1. Premessa di metodo: rapporto tra rischio e contesto

Il rischio ambientale è una dimensione tipica della società moderna, frutto dell’azione dell’uomo e delle sue decisioni, assunte singolarmente ma soprattutto in forma collettiva (Beck 1999). Questo tipo di rischio riguarda l’inquinamento delle acque, la desertificazione, il versante idrogeologico, gli incendi: tutte contingenze dovute ai comportamenti e all’abbandono delle pratiche e delle regole di governo di un territorio. In questo senso, il rischio riguarda le società, non le persone, per cui la questione si trasferisce dalla sola dimensione naturale alle implicazioni della relazione “uomo-ambiente” o, meglio, “uomo-territorio”. Quando si parla di rischio ambientale si richiama, pertanto, la necessità di superare l’artificiosa separazione tra spazio fisico e sociale, per prestare attenzione al quadro delle relazioni tra società e ambiente, che deve essere studiato sia sul piano dei comportamenti materiali che su quello cognitivo e culturale (Catton, Dunlap, 1980).

Le cause del rischio sono dovute a specifici processi di trasformazione dell’ambiente ad opera dell’uomo, gli effetti conseguenti hanno un rilevante impatto economico e sociale, strettamente legato alla cultura e alla percezione (Douglas, 1996). Il comportamento collettivo è, infatti, connesso anche alla rappresentazione che individui e gruppi hanno della probabilità di venire a contatto con l’evento rischioso, alla sua gravità, al fatto che esso sia attribuito a cause naturali puntuali o a comportamenti umani incontrollabili.

Da questi assunti teorici derivano due conseguenze analitiche. La prima, che è anche premessa di metodo per lo studio dei rischi, è che questi possano essere analizzati (e di conseguenza gestiti) con maggiore efficacia all’interno di specifici contesti territoriali e socio-economici.
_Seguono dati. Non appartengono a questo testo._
text \<open>Write \<open>d = p^s m\<close> with \<open>p\<close> not dividing \<open>m\<close>: then \<open>(X - \<beta>)^d = (X^(p^s) - \<beta>^(p^s))^m\<close>,
  whose coefficient next to the leading one is \<open>-m \<beta>^(p^s)\<close>.\<close>
lemma poly_over_linear_power_imp_power_mem:
  assumes p: "prime CHAR('K::field)" and F: "is_subfield F"
  shows "1 \<le> d \<Longrightarrow> poly_over F ([:- (\<beta>::'K), 1:] ^ d) \<Longrightarrow> \<exists>s. CHAR('K) ^ s \<le> d \<and> \<beta> ^ (CHAR('K) ^ s) \<in> F"
proof (induction d arbitrary: \<beta> rule: less_induct)
  case (less d)
  have FR: "is_subring F" using F by (rule subfield_subring)
  show ?case
  proof (cases "CHAR('K) dvd d")
    case False
    obtain n where d: "d = Suc n" using less.prems(1) by (cases d) auto
    have "coeff ([:- \<beta>, 1:] ^ d) n = of_nat d * (- \<beta>)"
      unfolding d by (rule coeff_linear_power_Suc)
    then have "of_nat d * (- \<beta>) \<in> F"
      using less.prems(2) unfolding poly_over_def by metis
    moreover have nz: "of_nat d \<noteq> (0::'K)" using False of_nat_eq_0_iff_char_dvd by blast
    ultimately have "- ((of_nat d * (- \<beta>)) / of_nat d) \<in> F"
      using subring_of_nat[OF FR] by (intro subring_uminus[OF FR] subfield_divide[OF F]) auto
    then have "\<beta> \<in> F" using nz by simp
    then show ?thesis using less.prems(1) by (intro exI[of _ 0]) simp
  next
    case True
    then obtain d' where d: "d = CHAR('K) * d'" by blast
    have p1: "CHAR('K) > 1" using p prime_gt_1_nat by blast
    have d'1: "d' \<ge> 1" using less.prems(1) d by (cases d') auto
    have "[:- \<beta>, 1:] ^ d = ([:- \<beta>, 1:] ^ (CHAR('K) ^ 1)) ^ d'" by (simp add: d power_mult)
    also have "\<dots> = pcompose ([:- (\<beta> ^ CHAR('K)), 1:] ^ d') (monom 1 (CHAR('K)))"
      unfolding linear_power_frobenius[OF p]
      by (simp add: pcompose_pCons pcompose_power_left)
    finally have eq: "[:- \<beta>, 1:] ^ d = pcompose ([:- (\<beta> ^ CHAR('K)), 1:] ^ d') (monom 1 (CHAR('K)))" .
    have "poly_over F ([:- (\<beta> ^ CHAR('K)), 1:] ^ d')"
      using less.prems(2) coeff_pcompose_monom_mult[of "CHAR('K)" "[:- (\<beta> ^ CHAR('K)), 1:] ^ d'"] p1
      unfolding poly_over_def eq[symmetric] by (metis order.strict_trans zero_less_one)
    from less.IH[OF _ d'1 this] obtain s where s: "CHAR('K) ^ s \<le> d'" "(\<beta> ^ CHAR('K)) ^ (CHAR('K) ^ s) \<in> F"
      using d d'1 p1 by auto
    have "CHAR('K) ^ Suc s \<le> d" using s(1) d by simp
    moreover have "\<beta> ^ (CHAR('K) ^ Suc s) \<in> F" using s(2) by (simp add: power_mult)
    ultimately show ?thesis by blast
  qed
qed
In tale percorso analitico è necessario procedere alla contestualizzazione e alla delimitazione d’ambito per aree territoriali in cui si localizzano le fonti di rischio.
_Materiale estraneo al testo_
(* Let $m\ge1$ be an integer and $H>1$ real. Let $L_m=\{\boldsymbol\theta\in\mathbb R^m: 0\le\theta_1\le\cdots\le\theta_m\le\pi\}$ and define $f=(f_1,\ldots,f_{m+1}):(1,H]\times L_m\to\mathbb R^{m+1}$ by letting $f_j(y,\theta_1,\ldots,\theta_m)=a_j$, where \[ (t-y)(t-y^{-1})\prod_{k=1}^m(t-e^{i\theta_k})(t-e^{-i\theta_k})=t^{2m+2}+a_1t^{2m+1}+\cdots+a_{m+1}t^{m+1}+\cdots+a_1t+1 . \] Then the Jacobian $J_f=\left|\frac{\partial(f_1,\ldots,f_{m+1})}{\partial(y,\theta_1,\ldots,\theta_m)}\right|$ equals \[ J_f(y,\theta_1,\ldots,\theta_m)=2^{\frac{m(m+1)}{2}}\left(1-\frac{1}{y^2}\right)\prod_{l=1}^{m}\left(y+\frac1y-2\cos\theta_l\right)\prod_{l=1}^m\sin\theta_l\prod_{1\le i<j\le m}\left|\cos\theta_i-\cos\theta_j\right|. \] *)

theory Defs
  imports Complex_Main "HOL-Computational_Algebra.Polynomial" "Jordan_Normal_Form.Determinant"
begin

text \<open>Coordinates: x 0 = y, x k = theta_k for k = 1..m.\<close>

definition recip_poly :: "nat \<Rightarrow> (nat \<Rightarrow> real) \<Rightarrow> complex poly" where
  "recip_poly m x =
     [:- complex_of_real (x 0), 1:] * [:- complex_of_real (1 / x 0), 1:] *
     (\<Prod>k\<in>{1..m}. [:- exp (\<i> * complex_of_real (x k)), 1:] *
                    [:- exp (- \<i> * complex_of_real (x k)), 1:])"

text \<open>a_j = coefficient of t^(2m+2-j) (these coefficients are real).\<close>
definition coef_fun :: "nat \<Rightarrow> nat \<Rightarrow> (nat \<Rightarrow> real) \<Rightarrow> real" where
  "coef_fun m j x = Re (coeff (recip_poly m x) (2 * m + 2 - j))"

definition partial_at :: "((nat \<Rightarrow> real) \<Rightarrow> real) \<Rightarrow> (nat \<Rightarrow> real) \<Rightarrow> nat \<Rightarrow> real" where
  "partial_at F x c = (THE D. ((\<lambda>t. F (x(c := t))) has_real_derivative D) (at (x c)))"

definition jacobian_f :: "nat \<Rightarrow> (nat \<Rightarrow> real) \<Rightarrow> real" where
  "jacobian_f m x = \<bar>det (mat (m + 1) (m + 1) (\<lambda>(i, c). partial_at (coef_fun m (i + 1)) x c))\<bar>"

end

theory Submission
  imports Defs
begin

(* The coefficients of \<Prod>l=0..m (t^2 - r_l t + 1), where r_0 = y + 1/y and r_l = 2 cos \<theta>_l,
   depend on each coordinate only through r_l, so by the chain rule the Jacobian is
   \<Prod>_l |r_l'| times the Jacobian of (r_0, ..., r_m) \<mapsto> coefficients.  Column c of the latter
   holds the coefficients of \<Prod>_(l\<noteq>c) (t^2 - r_l t + 1); since t^2 - r t + 1 = t ((t + 1/t) - r),
   these are the coefficients of \<Prod>_(l\<noteq>c) (s - r_l) in the basis (1 + t^2)^k t^(m-k), which
   is a unitriangular change of basis.  Multiplying the matrix of these leave-one-out
   polynomials by the Vandermonde matrix of the r_l gives the diagonal matrix of the values
   \<Prod>_(l\<noteq>c) (r_c - r_l), so its determinant has absolute value \<Prod>_(i<j) |r_i - r_j|. *)

definition vandermonde_mat :: "nat \<Rightarrow> (nat \<Rightarrow> 'a::comm_ring_1) \<Rightarrow> 'a mat" where
  "vandermonde_mat n r = mat (Suc n) (Suc n) (\<lambda>(p, k). r p ^ (n - k))"

lemma vandermonde_mat_carrier [simp]: "vandermonde_mat n r \<in> carrier_mat (Suc n) (Suc n)"
  by (simp add: vandermonde_mat_def)

lemma det_lower_unitriangular:
  assumes "A \<in> carrier_mat n n" "\<And>i j. i < j \<Longrightarrow> j < n \<Longrightarrow> A $$ (i, j) = 0"
    and "\<And>i. i < n \<Longrightarrow> A $$ (i, i) = 1"
  shows "det A = 1"
  using assms by (simp add: det_lower_triangular[of n] prod_list_diag_prod)

lemma vandermonde_mat_mult_column_elim:
  fixes c :: "'a::comm_ring_1" and n :: nat
  defines "N \<equiv> Suc (Suc n)"
  shows "vandermonde_mat (Suc n) r * mat N N (\<lambda>(j, k). if j = k then 1 else if j = Suc k then - c else 0)
    = mat N N (\<lambda>(p, k). if k = Suc n then 1 else (r p - c) * r p ^ (n - k))"
    (is "?V * ?M = ?W")
proof (rule eq_matI)
  fix p k assume "p < dim_row ?W" "k < dim_col ?W"
  then have p: "p < N" and k: "k < N" by auto
  have "(?V * ?M) $$ (p, k) = (\<Sum>j<N. ?V $$ (p, j) * ?M $$ (j, k))"
    using p k by (simp add: N_def vandermonde_mat_def scalar_prod_def lessThan_atLeast0)
  also have "\<dots> = (\<Sum>j<N. (if j = k then ?V $$ (p, j) else 0) + (if j = Suc k then - c * ?V $$ (p, j) else 0))"
    by (rule sum.cong) (auto simp: k)
  also have "\<dots> = ?V $$ (p, k) + (if Suc k < N then - c * ?V $$ (p, Suc k) else 0)"
    using k by (simp add: sum.distrib)
  also have "\<dots> = (if k = Suc n then 1 else (r p - c) * r p ^ (n - k))"
    using p k by (auto simp: N_def vandermonde_mat_def algebra_simps Suc_diff_le)
  finally show "(?V * ?M) $$ (p, k) = ?W $$ (p, k)"
    using p k by simp
qed (auto simp: N_def vandermonde_mat_def)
Per questa via è possibile rilevare, attraverso indicatori appropriati, la causalità multipla, a partire da una gerarchia ben definita della multifattorialità dei rischi. Così facendo, si migliorano le strategie di intervento e di prevenzione e, come mostra lo sviluppo dell’epidemiologia (Vineis, 1990) ci sono problemi leggibili a scala ridotta, che consentono di elaborare modelli di società locale a partire da elementi ritenuti rilevanti per comprendere comportamenti e origine sociale dei rischi.
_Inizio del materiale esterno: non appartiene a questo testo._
text \<open>Here the transfer bound is applied with \<open>\<mu> = 2 \<surd>(ln (4/3)) / n\<close>, which balances the
  information cost \<open>kl_rate \<epsilon>\<close> against the Hoeffding term.\<close>

lemma sum_expected_pulls_needle_env_le:
  assumes \<pi>: "valid_policy K \<pi>" and \<epsilon>: "0 \<le> \<epsilon>" "\<epsilon> \<le> 1/4"
    and "16 * \<epsilon>\<^sup>2 * n \<le> K" and "n > 0"
  shows "(\<Sum>k<K. measure_pmf.expectation (traj \<pi> (needle_env \<epsilon> k) n) (pulls k))
       \<le> n + sqrt (ln (4/3)) * K * n / 2"
proof -
  define s where "s = sqrt (ln (4/3::real))"
  define \<mu> where "\<mu> = 2 * s / n"
  let ?m0 = "\<lambda>k. measure_pmf.expectation (traj \<pi> (needle_env 0 0) n) (pulls k)"
  have "s > 0" "s\<^sup>2 = ln (4/3)"
    by (simp_all add: s_def)
  then have "\<mu> > 0"
    using \<open>n > 0\<close> by (simp add: \<mu>_def)
  have "kl_rate \<epsilon> \<le> 8 * s\<^sup>2 * \<epsilon>\<^sup>2"
    using kl_rate_le[OF \<epsilon>] \<open>s\<^sup>2 = ln (4/3)\<close> by simp
  also have "\<dots> \<le> 8 * s\<^sup>2 * (K / (16 * n))"
    using \<open>16 * \<epsilon>\<^sup>2 * n \<le> K\<close> \<open>n > 0\<close> by (intro mult_left_mono) (auto simp: field_simps)
  also have "\<dots> = \<mu> * (s * K / 4)"
    using \<open>n > 0\<close> by (simp add: \<mu>_def power2_eq_square field_simps)
  finally have kl: "kl_rate \<epsilon> \<le> \<mu> * (s * K / 4)" .
  have "measure_pmf.expectation (traj \<pi> (needle_env \<epsilon> k) n) (pulls k)
      \<le> ?m0 k * (1 + s * K / 4) + s * n / 4" for k
  proof -
    have "0 \<le> ?m0 k"
      by (intro Bochner_Integration.integral_nonneg) (simp add: pulls_bounds)
    then have "kl_rate \<epsilon> * ?m0 k \<le> \<mu> * (s * K / 4) * ?m0 k"
      by (rule mult_right_mono[OF kl])
    moreover have "\<mu>\<^sup>2 * (real n)\<^sup>2 / 8 = \<mu> * (s * n / 4)"
      using \<open>n > 0\<close> by (simp add: \<mu>_def power2_eq_square field_simps)
    ultimately have "\<mu> * measure_pmf.expectation (traj \<pi> (needle_env \<epsilon> k) n) (pulls k)
        \<le> \<mu> * (?m0 k * (1 + s * K / 4) + s * n / 4)"
      using expected_pulls_needle_env_le[OF \<pi> \<epsilon>(1) _ \<open>\<mu> > 0\<close>, of k n] \<epsilon>(2)
      by (simp add: algebra_simps)
    then show ?thesis
      using \<open>\<mu> > 0\<close> by simp
  qed
  then have "(\<Sum>k<K. measure_pmf.expectation (traj \<pi> (needle_env \<epsilon> k) n) (pulls k))
      \<le> (\<Sum>k<K. ?m0 k * (1 + s * K / 4) + s * n / 4)"
    by (rule sum_mono)
  also have "\<dots> = (\<Sum>k<K. ?m0 k) * (1 + s * K / 4) + K * (s * n / 4)"
    by (simp add: sum.distrib sum_distrib_right)
  also have "\<dots> = n + s * K * n / 2"
    using sum_expected_pulls[OF \<pi> binary_rewards_needle_env, of 0 0 n] by (simp add: algebra_simps)
  finally show ?thesis
    by (simp add: s_def)
qed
Nel campo del rischio ambientale lo studio delle correlazioni contestualizzate consente di ragionare sui meccanismi sociali generativi, di individuare scenari possibili di interazione tra fattori endogeni del sistema locale, ipotizzando scenari futuri, anche a partire dai caratteri specifici, sia in termini di capacità di autoregolazione che in termini di vulnerabilità endogena dei sistemi locali. Quindi, la contestualizzazione consente di mostrare alcuni nessi tra società locale e ambiente, e quest’ultimo viene assunto in forme diversificate territorialmente.

La seconda conseguenza per l’analisi del rischio è che ne esista una forma “soggettiva”, non solo oggettiva, che può essere analizzata “autonomamente”, perché legata alla percezione personale, alle mappe mentali, al riconoscimento dei problemi ambientali nelle rappresentazioni sociali (Douglas, 1992) e, in genere, alla cultura: partiamo dal presupposto che i cittadini non percepiscono i rischi nello stesso modo in cui li percepiscono gli esperti.

Stante queste premesse gli strumenti per l’analisi dei rischi soggettivi diventano i concetti di percezione e rappresentazione. Esiste una differenza tra i due livelli cognitivi: a fronte di un riconoscimento di problemi ambientali (percezione) può non manifestarsi una sensibilità e un voler agire per l’ambiente nel vissuto quotidiano (rappresentazione). La rappresentazione è una forma di sapere pratico che lega un soggetto ad un oggetto, a un contesto, frutto dell’adattamento all’ambiente che lo circonda (Wilkinson 2002).

È al contempo un’elaborazione di livelli diversi di percezione dell’ambiente, una coscienza sociale elaborata e condivisa, che orienta i comportamenti ed è dotata di un obiettivo pratico concernente la costruzione di una realtà comune a un insieme sociale (Moscovici, 1977; Mathieu, Jollivet, 1989), perciò la rappresentazione orienta l’agire anche quotidiano degli individui e dei gruppi (Jeffrey, 2001; Meloni, 2006).

2. La ricerca – percorso metodologico

L’attività di ricerca è stata localizzata in contesti territoriali specifici individuando tre aree pilota, e ha affrontato problematiche collegate agli impatti del cambiamento climatico sull’ambiente naturale e antropizzato, con particolare riferimento alle condizioni di rischio indotte da questi mutamenti, specificamente in materia di incendi.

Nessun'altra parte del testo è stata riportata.